Damn. No, not “the torpedoes,” but damn the fact that my first Tom Petty song post on Reselect is an “in memoriam” post. He was certainly not who I would have guessed to be the next big one to leave us — there’s a whole raft of increasingly rickety rockers who began in the Sixties who you’d think would have gone ahead of him (not that I wish that on any of them, of course). Tom didn’t hit the big time until the mid-Seventies — he should have had all sorts of time left. But such is the unpredictability of life, I suppose. So it goes.
Petty was one of that small group of artists I considered something like the “muscle” of rock music — he operated at a level that seemingly helped to power the whole operation and anchor it. All he had to do was flex, so to speak, and great rock would happen. There was little there in terms of superficial, cosmetic appeal — I mean, Tom certainly didn’t go in much for appearances — and he was one of the least pretentious of the major names in rock. He was all about the music — and was a truly decent guy on top of that — and even if he came up with a lesser album now and then, as he had more often in his post-’90s career, you knew he was just following his heart, which always seemed to be in the right place. Except last week, when that heart made the really poor decision to stop working.
Oh, that heart was known to go off in errant directions, and when that happened, it was more than once the result of coming under the influence of a less-than-ideal svengali/producer. It first happened with Southern Accents, produced by Dave Stewart of Eurythmics fame: sure, “Don’t Come Around Here No More” is fine and all, but the album truly suffered under it’s slick veneer of ’80s pop polish. Unfortunately, Petty didn’t quite learn his lesson, because it wasn’t long before he joined forces with Jeff Lynne of ELO, who tends to make everything he touches sound like a Disneyland version of rock and roll (see the Traveling Wilburys, the band Lynne formed with Petty, George Harrison, Roy Orbison, and Bob Dylan). Heck, he even made the Beatles sound like the Traveling Wilburys (see “Free as a Bird”). It’s to Petty’s credit that Full Moon Fever was nonetheless a great album — his songwriting for the album was too good for even Lynne’s over-polished production to keep down. But I always wish we could have heard what that album (and Into the Great Wide Open, also produced by Lynne) might have sounded like if produced by Rick Rubin, who produced the later Wildflowers, or maybe T-Bone Burnett — any other good producer known less for leaving their own imprint on everything they work on.

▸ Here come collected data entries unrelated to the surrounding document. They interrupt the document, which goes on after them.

(* For every positive integer $n$, the average value of the Wiener index over $\mathcal{G}_n$ is $$W_{avr}(\mathcal{G}_n)=\frac{1}{|\mathcal{G}_n|}\sum_{G\in\mathcal{G}_n}W(G)=\frac13\left(25n^3+60n^2-4n\right).$$
   Context: The Wiener index is $W(G)=\sum_{\{u,v\}\subseteq V(G)}d_G(u,v)$, $d_G$ the shortest-path distance. A spiro hexagonal chain $G_n=H_0H_1\cdots H_{n-1}$ with $n$ hexagons is a connected graph whose blocks are hexagons (6-cycles) $H_0,\dots,H_{n-1}$, each hexagon having at most two cut-vertices, each cut-vertex shared by exactly two hexagons, and $H_{k-1},H_k$ sharing the cut-vertex $c_k$ ($1\le k\le n-1$). For $1\le i\le n-2$, the hexagon $H_i$ is labelled $O$, $M$ or $P$ according as the distance in $H_i$ between $c_i$ and $c_{i+1}$ is $1$, $2$ or $3$; the word $x_1x_2\cdots x_{n-2}$ over $\{O,M,P\}$ is the code of the chain (empty if $n\le2$). The code determines the chain up to isomorphism, and a code and its reverse describe the same chain. $\mathcal{G}_n$ denotes the set of all spiro hexagonal chains with $n$ hexagons, i.e. one chain for each class of codes of length $n-2$ under identification of a word with its reverse (so $|\mathcal{G}_n|=\frac12(3^{n-2}+3^{\lfloor (n-1)/2\rfloor})$ for $n\ge2$). *)

theory Defs
  imports Complex_Main
begin

text \<open>Hexagon labels O (ortho), M (meta), P (para): distance 1, 2, 3 in the hexagon
between its two cut-vertices.\<close>
datatype hexlab = Ortho | Meta | Para

fun lab_dist :: "hexlab \<Rightarrow> nat" where
  "lab_dist Ortho = 1" | "lab_dist Meta = 2" | "lab_dist Para = 3"

text \<open>Hexagon H_k has positions 0..5 around the 6-cycle.  For k \<ge> 1, position 0
of H_k is the cut-vertex c_k shared with H_(k-1).  cutpos xs k is the position in H_k
of the cut-vertex c_(k+1) shared with H_(k+1); for H_0 it is chosen as 3
(irrelevant up to isomorphism, H_0 has only one cut-vertex), and for
1 \<le> k \<le> n-2 it is the distance given by the code letter x_k.\<close>
definition cutpos :: "hexlab list \<Rightarrow> nat \<Rightarrow> nat" where
  "cutpos xs k = (if k = 0 then 3 else lab_dist (xs ! (k - 1)))"

definition rep :: "hexlab list \<Rightarrow> nat \<Rightarrow> nat \<Rightarrow> nat \<times> nat" where
  "rep xs k j = (if 0 < k \<and> j = 0 then (k - 1, cutpos xs (k - 1)) else (k, j))"

definition spiro_V :: "nat \<Rightarrow> hexlab list \<Rightarrow> (nat \<times> nat) set" where
  "spiro_V n xs = {(0, j) | j. j < 6} \<union> {(k, j) | k j. 1 \<le> k \<and> k < n \<and> 1 \<le> j \<and> j < 6}"

definition spiro_E :: "nat \<Rightarrow> hexlab list \<Rightarrow> ((nat \<times> nat) \<times> (nat \<times> nat)) set" where
  "spiro_E n xs =
     {(rep xs k j, rep xs k ((j + 1) mod 6)) | k j. k < n \<and> j < 6} \<union>
     {(rep xs k ((j + 1) mod 6), rep xs k j) | k j. k < n \<and> j < 6}"

definition gdist :: "('a \<times> 'a) set \<Rightarrow> 'a \<Rightarrow> 'a \<Rightarrow> nat" where
  "gdist E u v = (LEAST m. (u, v) \<in> E ^^ m)"

text \<open>Wiener index: sum of distances over unordered pairs of distinct vertices
(= half of the sum over ordered pairs).\<close>
definition wiener :: "'a set \<Rightarrow> ('a \<times> 'a) set \<Rightarrow> real" where
  "wiener V E = (\<Sum>u\<in>V. \<Sum>v\<in>V. real (gdist E u v)) / 2"

definition spiro_wiener :: "nat \<Rightarrow> hexlab list \<Rightarrow> real" where
  "spiro_wiener n xs = wiener (spiro_V n xs) (spiro_E n xs)"

text \<open>The set \<G>_n: codes of length n-2 identified with their reverses.\<close>
definition spiro_classes :: "nat \<Rightarrow> hexlab list set set" where
  "spiro_classes n = {{xs, rev xs} | xs. length xs = n - 2}"

end

theory Submission
  imports Defs
begin

text \<open>
  Walking from a vertex of hexagon \<open>H\<^sub>k\<close> to a vertex of \<open>H\<^sub>l\<close>, \<open>k < l\<close>, one must pass the
  cut-vertices \<open>c\<^sub>k\<^sub>+\<^sub>1, \<dots>, c\<^sub>l\<close> in turn, so the distance is the cycle distance to
  \<open>c\<^sub>k\<^sub>+\<^sub>1\<close>, plus the code distances \<open>d(x\<^sub>k\<^sub>+\<^sub>1), \<dots>, d(x\<^sub>l\<^sub>-\<^sub>1)\<close>, plus the cycle distance
  from \<open>c\<^sub>l\<close>. Summing these explicit distances hexagon by hexagon shows that the Wiener
  index is affine in the code letters:
  \<open>W(G) = 27 n + 45 n (n - 1) + 25 \<Sum>\<^bsub>1 \<le> i \<le> n-2\<^esub> d(x\<^sub>i) i (n - 1 - i)\<close>.
  The involution exchanging \<open>O\<close> and \<open>P\<close> commutes with reversal, hence permutes \<open>\<G>\<^sub>n\<close>,
  and replaces each \<open>d(x\<^sub>i)\<close> by \<open>4 - d(x\<^sub>i)\<close>; so on average every letter contributes as
  if it were \<open>M\<close>, and the average is the Wiener index of the all-meta chain.
\<close>

section \<open>Walks in a relation\<close>

lemma relpow_increment_bound:
  fixes f :: "'a \<Rightarrow> nat"
  assumes step: "\<And>w v. (w, v) \<in> R \<Longrightarrow> f v \<le> f w + 1"
  shows "(u, v) \<in> R ^^ m \<Longrightarrow> f v \<le> f u + m"
proof (induction m arbitrary: v)
  case (Suc m)
  then obtain w where "(u, w) \<in> R ^^ m" "(w, v) \<in> R"
    by (auto elim: relpow_Suc_E)
  with Suc.IH step show ?case by fastforce
qed simp

lemma relpow_sym: "sym R \<Longrightarrow> (u, v) \<in> R ^^ m \<Longrightarrow> (v, u) \<in> R ^^ m"
proof (induction m arbitrary: v)
  case (Suc m)
  then obtain w where "(u, w) \<in> R ^^ m" "(w, v) \<in> R"
    by (auto elim: relpow_Suc_E)
  with Suc show ?case by (blast intro: relpow_Suc_I2 dest: symD)
qed simp

section \<open>Distance on a hexagon\<close>

definition cyc6_dist :: "nat \<Rightarrow> nat \<Rightarrow> nat" where
  "cyc6_dist a b = (let d = (if a \<le> b then b - a else a - b) in min d (6 - d))"

lemma less_6_iff: "(a::nat) < 6 \<longleftrightarrow> a \<in> {0,1,2,3,4,5}"
  by auto

lemma cyc6_dist_commute: "cyc6_dist a b = cyc6_dist b a"
  by (auto simp: cyc6_dist_def Let_def)

lemma cyc6_dist_self [simp]: "cyc6_dist a a = 0"
  by (simp add: cyc6_dist_def)

lemma cyc6_dist_eq_0_iff: "a < 6 \<Longrightarrow> b < 6 \<Longrightarrow> cyc6_dist a b = 0 \<longleftrightarrow> a = b"
  unfolding less_6_iff by (auto simp: cyc6_dist_def)

lemma cyc6_dist_succ:
  "q < 6 \<Longrightarrow> j < 6 \<Longrightarrow>
     cyc6_dist q ((j + 1) mod 6) \<le> cyc6_dist q j + 1 \<and> cyc6_dist q j \<le> cyc6_dist q ((j + 1) mod 6) + 1"
  unfolding less_6_iff by (auto simp: cyc6_dist_def)

lemma cyc6_dist_neighbour_closer:
  "a < 6 \<Longrightarrow> b < 6 \<Longrightarrow> a \<noteq> b \<Longrightarrow>
     cyc6_dist ((a + 1) mod 6) b + 1 = cyc6_dist a b \<or> cyc6_dist ((a + 5) mod 6) b + 1 = cyc6_dist a b"
  unfolding less_6_iff by (auto simp: cyc6_dist_def)

lemma cyc6_dist_0_left: "c \<in> {1,2,3} \<Longrightarrow> cyc6_dist 0 c = c"
  by (auto simp: cyc6_dist_def)

lemma sum_cyc6_dist: "(\<Sum>a<6. \<Sum>b<6. real (cyc6_dist a b)) = 54"
  by (simp add: cyc6_dist_def lessThan_nat_numeral)

lemma sum_cyc6_dist_nonzero: "(\<Sum>a\<in>{1..<6}. \<Sum>b\<in>{1..<6}. real (cyc6_dist a b)) = 36"
  by (simp add: cyc6_dist_def atLeastLessThanSuc numeral_eq_Suc)

lemma sum_cyc6_dist_0: "(\<Sum>b\<in>{1..<6}. real (cyc6_dist 0 b)) = 9"
  by (simp add: cyc6_dist_def atLeastLessThanSuc numeral_eq_Suc)

lemma sum_cyc6_dist_3: "(\<Sum>a<6. real (cyc6_dist a 3)) = 9"
  by (simp add: cyc6_dist_def lessThan_nat_numeral)

lemma sum_cyc6_dist_nonzero_to:
  "c \<in> {1,2,3} \<Longrightarrow> (\<Sum>b\<in>{1..<6}. real (cyc6_dist b c)) = 9 - real c"
  by (auto simp: cyc6_dist_def atLeastLessThanSuc numeral_eq_Suc)

section \<open>Distances in a spiro chain\<close>

lemma cutpos_in_123: "cutpos xs t \<in> {1,2,3}"
proof (cases "t = 0")
  case False
  then show ?thesis unfolding cutpos_def by (cases "xs ! (t - 1)") auto
qed (simp add: cutpos_def)

lemma cutpos_neq_0 [simp]: "cutpos xs t \<noteq> 0"
  using cutpos_in_123[of xs t] by auto

lemma cutpos_less_6 [simp]: "cutpos xs t < 6"
  using cutpos_in_123[of xs t] by auto

lemma cyc6_dist_0_cutpos [simp]: "cyc6_dist 0 (cutpos xs t) = cutpos xs t"
  using cyc6_dist_0_left[OF cutpos_in_123] .

text \<open>\<open>cut_offset xs l - cut_offset xs k\<close> is the distance from \<open>c\<^sub>k\<close> to \<open>c\<^sub>l\<close> for \<open>1 \<le> k \<le> l\<close>.\<close>

definition cut_offset :: "hexlab list \<Rightarrow> nat \<Rightarrow> nat" where
  "cut_offset xs i = (\<Sum>t\<in>{1..<i}. cutpos xs t)"

lemma cut_offset_Suc: "1 \<le> i \<Longrightarrow> cut_offset xs (Suc i) = cut_offset xs i + cutpos xs i"
  unfolding cut_offset_def by (simp add: sum.atLeastLessThan_Suc)

lemma cut_offset_mono: "i \<le> j \<Longrightarrow> cut_offset xs i \<le> cut_offset xs j"
  unfolding cut_offset_def by (rule sum_mono2) auto

text \<open>Vertex \<open>(k, a)\<close> is position \<open>a\<close> of \<open>H\<^sub>k\<close>; the distance between hexagons passes through
  \<open>c\<^sub>k\<^sub>+\<^sub>1 = (k, cutpos xs k)\<close>, the cut-vertices in between, and \<open>c\<^sub>l = (l, 0)\<close>.\<close>

fun chain_dist :: "hexlab list \<Rightarrow> nat \<times> nat \<Rightarrow> nat \<times> nat \<Rightarrow> nat" where
  "chain_dist xs (k, a) (l, b) =
     (if k = l then cyc6_dist a b
      else if k < l then cyc6_dist a (cutpos xs k) + (cut_offset xs l - cut_offset xs (Suc k)) + cyc6_dist 0 b
      else cyc6_dist b (cutpos xs l) + (cut_offset xs k - cut_offset xs (Suc l)) + cyc6_dist 0 a)"

lemma chain_dist_commute: "chain_dist xs u v = chain_dist xs v u"
  by (cases u; cases v) (auto simp: cyc6_dist_commute)

lemma chain_dist_self [simp]: "chain_dist xs u u = 0"
  by (cases u) simp

lemma chain_dist_cut_vertex: "chain_dist xs u (Suc l, 0) = chain_dist xs u (l, cutpos xs l)"
proof (cases u)
  case (Pair k a)
  consider "k = Suc l" | "k = l" | "k < l" | "Suc l < k" by linarith
  then show ?thesis
  proof cases
    case 3
    then have "cut_offset xs (Suc k) \<le> cut_offset xs l"
      by (intro cut_offset_mono) simp
    with 3 show ?thesis by (simp add: Pair cut_offset_Suc)
  next
    case 4
    then have "cut_offset xs (Suc (Suc l)) \<le> cut_offset xs k"
      by (intro cut_offset_mono) simp
    with 4 show ?thesis by (simp add: Pair cut_offset_Suc)
  qed (auto simp: Pair cyc6_dist_commute)
qed

lemma chain_dist_rep: "chain_dist xs u (rep xs k p) = chain_dist xs u (k, p)"
  using chain_dist_cut_vertex[of xs u "k - 1"] by (auto simp: rep_def)

text \<open>Seen from a fixed vertex, every hexagon is entered through a single vertex \<open>q\<close>.\<close>

lemma chain_dist_to_hexagon:
  assumes "a < 6"
  shows "\<exists>q \<alpha>. q < 6 \<and> (\<forall>p. chain_dist xs (k', a) (k, p) = \<alpha> + cyc6_dist q p)"
proof -
  consider "k' = k" | "k' < k" | "k < k'" by linarith
  then show ?thesis
  proof cases
    case 1
    then show ?thesis using assms by auto
  next
    case 2
    then have "chain_dist xs (k', a) (k, p)
        = (cyc6_dist a (cutpos xs k') + (cut_offset xs k - cut_offset xs (Suc k'))) + cyc6_dist 0 p" for p
      by simp
    with zero_less_numeral show ?thesis by blast
  next
    case 3
    then have "chain_dist xs (k', a) (k, p)
        = (cut_offset xs k' - cut_offset xs (Suc k) + cyc6_dist 0 a) + cyc6_dist (cutpos xs k) p" for p
      by (simp add: cyc6_dist_commute)
    with cutpos_less_6 show ?thesis by blast
  qed
qed

lemma spiro_V_iff:
  "(k, a) \<in> spiro_V n xs \<longleftrightarrow> (k = 0 \<and> a < 6) \<or> (1 \<le> k \<and> k < n \<and> 1 \<le> a \<and> a < 6)"
  unfolding spiro_V_def by auto

lemma rep_vertex: "(k, a) \<in> spiro_V n xs \<Longrightarrow> rep xs k a = (k, a)"
  unfolding spiro_V_iff rep_def by auto

lemma spiro_E_cases:
  assumes "(x, y) \<in> spiro_E n xs"
  obtains k j where "k < n" "j < 6"
    "(x, y) = (rep xs k j, rep xs k ((j + 1) mod 6)) \<or> (x, y) = (rep xs k ((j + 1) mod 6), rep xs k j)"
  using assms unfolding spiro_E_def by blast

lemma spiro_E_cycle_edge: "k < n \<Longrightarrow> j < 6 \<Longrightarrow> (rep xs k j, rep xs k ((j + 1) mod 6)) \<in> spiro_E n xs"
  unfolding spiro_E_def by blast

lemma sym_spiro_E: "sym (spiro_E n xs)"
  unfolding sym_def spiro_E_def by blast

lemma chain_dist_edge:
  assumes u: "u \<in> spiro_V n xs" and e: "(w, v) \<in> spiro_E n xs"
  shows "chain_dist xs u v \<le> chain_dist xs u w + 1"
proof -
  obtain k j where kj: "k < n" "j < 6" and
    wv: "(w, v) = (rep xs k j, rep xs k ((j + 1) mod 6)) \<or> (w, v) = (rep xs k ((j + 1) mod 6), rep xs k j)"
    using e by (rule spiro_E_cases)
  obtain k' a where u_eq: "u = (k', a)" and "a < 6"
    using u by (cases u) (auto simp: spiro_V_iff)
  then obtain q \<alpha> where "q < 6" and q: "\<And>p. chain_dist xs u (k, p) = \<alpha> + cyc6_dist q p"
    using chain_dist_to_hexagon by blast
  from wv show ?thesis
    using cyc6_dist_succ[OF \<open>q < 6\<close> \<open>j < 6\<close>] by (auto simp: chain_dist_rep q)
qed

But even by the late ’80s, Petty was already a legend — in fact, I’d say that most of his status today derives from the music he created between 1976 and 1982. Those 1989-94 albums (both of Lynne’s productions, plus Wildflowers) merely helped to seal the deal (and provide additional Petty fodder for classic rock stations). The sheer greatness, in particular, of the 1976 debut album (Tom Petty & the Heartbreakers), 1979’s Damn the Torpedoes, and 1981’s Hard Promises guaranteed him a place in the rock pantheon. He was a rocker’s rocker who was cool enough to even be respected by the punk movement that was emerging around the time of his debut. There’s a lean, tightly wound energy that drives Tom Petty & the Heartbreakers, making it seem like a reaction to the increasingly bloated rock of the ’70s in a way that was similar to punk. The difference between Petty and the Heartbreakers and most punk bands, though, was the musicianship — the Heartbreakers were a tight band, great musicians all, whereas punks reveled in their amateurishness. But I’m sure Petty got what the punks were doing as well and respected it in return.
I admittedly lost track of what Petty was recording over the past 10 or so years, and from what I understand, there may be good reason for that, although he apparently made a return to form on 2014’s Hypnotic Eye. But even if his best songs were behind him, Petty could always be counted on to put on great shows. The Heartbreakers were one of rock’s best bands, and putting on a lackluster show was not something they knew how to do. I saw them a few times and was never disappointed — they were particularly good while touring with Bob Dylan in 1986 (during which they served both as his opening band and his backing band).
One of my favorite Petty songs is “Nightwatchman,” the third song on Hard Promises — it harkens back to that sinewy sound of the debut album unlike anything else they were doing by 1982. It’s a slinky song featuring a cool, little guitar figure and Petty in full-on Petty voice (you know, that high, Roger McGuinn-inspired nasal tone) — one of the last times on record that they would sound as stripped down as they had on their debut. In some ways it epitomizes for me everything cool and great about Petty and the band.
Whether Tom Petty would ever again have written and recorded songs as good as his most classic ones is really beside the point — when Petty’s heart stopped last week, it took a chunk of the heart of true rock ‘n’ roll with it.